# handle bars



## hotrod (Oct 13, 2019)

https://www.sefiles.net/images/library/zoom/wald-8095-touring-handlebar-326264-1.jpg  are these the same as the Schwinn middleweight bars?  they look the same from the picture. but I know some times pictures can be deceiving.


----------



## bobsbikes (Oct 13, 2019)

hay look the same as what is on my middleweights I have a few pair if your looking


----------



## hotrod (Oct 13, 2019)

yes, I am looking for some for a 1960 corvette. the ones on it are bent.


----------



## bobsbikes (Oct 13, 2019)

hotrod said:


> yes, I am looking for some for a 1960 corvette. the ones on it are bent.



I will get pic an an post for you


----------



## bobsbikes (Oct 13, 2019)

here is a nice pair if you want just bars $25 shipped if you want bars stem an grips $45


----------



## hotrod (Oct 13, 2019)

I just need the bars.do you take paypal.


----------



## bobsbikes (Oct 13, 2019)

hotrod said:


> I just need the bars.do you take paypal.





hotrod said:


> I just need the bars.do you take paypal.

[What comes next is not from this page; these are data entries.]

lemma amp_eq_braket: "amp C \<psi> n = braket (qrw_pow C n \<psi>) \<psi>"
  unfolding amp_def braket_def ..

lemma braket_eq_sum_left: "vanishes_above B x \<Longrightarrow> braket x y = (\<Sum>k\<le>B. x k * cnj (y k))"
  unfolding braket_def
  by (rule infsum_eq_sum_if_vanishes_outside) (auto simp: vanishes_above_def not_le)

lemma braket_eq_sum_right: "vanishes_above B y \<Longrightarrow> braket x y = (\<Sum>k\<le>B. x k * cnj (y k))"
  unfolding braket_def
  by (rule infsum_eq_sum_if_vanishes_outside) (auto simp: vanishes_above_def not_le)

lemma braket_add_left: "vanishes_above B z \<Longrightarrow> braket (\<lambda>k. x k + y k) z = braket x z + braket y z"
  by (simp add: braket_eq_sum_right distrib_right sum.distrib)

lemma braket_mult_left: "vanishes_above B z \<Longrightarrow> braket (\<lambda>k. c * x k) z = c * braket x z"
  by (simp add: braket_eq_sum_right sum_distrib_left mult.assoc)

lemma braket_add_right: "vanishes_above B x \<Longrightarrow> braket x (\<lambda>k. y k + z k) = braket x y + braket x z"
  by (simp add: braket_eq_sum_left distrib_left sum.distrib)

lemma braket_mult_right: "vanishes_above B x \<Longrightarrow> braket x (\<lambda>k. c * y k) = cnj c * braket x y"
  by (simp add: braket_eq_sum_left sum_distrib_left mult_ac)
theorem proposition3p1:
  fixes mu :: "'a::metric_space \<Rightarrow> 'a set \<Rightarrow> 'a measure"
    and X0 :: "'a set" and \<alpha> K :: real
  assumes "separable_space (euclidean :: 'a topology)"
    and "open X0"
    and "kernel_family X0 mu"
    and "0 < \<alpha>" and "\<alpha> < 1" and "1 \<le> K"
    and "\<forall>x0 R h. x0 \<in> X0 \<longrightarrow> 0 < R \<longrightarrow> ereal R < R0 X0 x0 \<longrightarrow>
            h \<in> Harm_bplus mu (ball x0 R) \<longrightarrow> harnack \<alpha> K h x0 R"
  shows "(\<forall>x0 R h. x0 \<in> X0 \<longrightarrow> 0 < R \<longrightarrow> ereal R < R0 X0 x0 \<longrightarrow>
            h \<in> Harm_plus mu (ball x0 R) \<longrightarrow> harnack \<alpha> K h x0 R)
       \<and> ((\<forall>U \<in> UU X0. \<forall>h \<in> Harm_bplus mu U. continuous_on U h) \<longrightarrow>
          (\<forall>U \<in> UU X0. \<forall>h \<in> Harm_plus mu U. continuous_on U h))"
proof -
  interpret harmonic_space X0 mu by unfold_locales fact
  have K: "0 < K" using \<open>1 \<le> K\<close> by simp
  have part1: "\<forall>x0 R h. x0 \<in> X0 \<longrightarrow> 0 < R \<longrightarrow> ereal R < R0 X0 x0 \<longrightarrow>
      h \<in> Harm_plus mu (ball x0 R) \<longrightarrow> harnack \<alpha> K h x0 R"
    using harnack_Harm_plus[OF \<open>0 < \<alpha>\<close> \<open>\<alpha> < 1\<close> K assms(7)] by blast
  moreover have "(\<forall>U \<in> UU X0. \<forall>h \<in> Harm_bplus mu U. continuous_on U h) \<longrightarrow>
      (\<forall>U \<in> UU X0. \<forall>h \<in> Harm_plus mu U. continuous_on U h)"
    using continuous_on_Harm_plus[OF \<open>0 < \<alpha>\<close> \<open>\<alpha> < 1\<close> K part1] by blast
  ultimately show ?thesis ..
qed

end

yes paypal is ktwobobs@sbcglobal.net send as a friend


----------



## hotrod (Oct 13, 2019)

sent pm.


----------



## GTs58 (Oct 13, 2019)

The Walds in the link above that are sold today are slightly different than the Schwinn bars from the later 50's thru 1965. Wald used to make their's identical to the Schwinn bars but not these days.


----------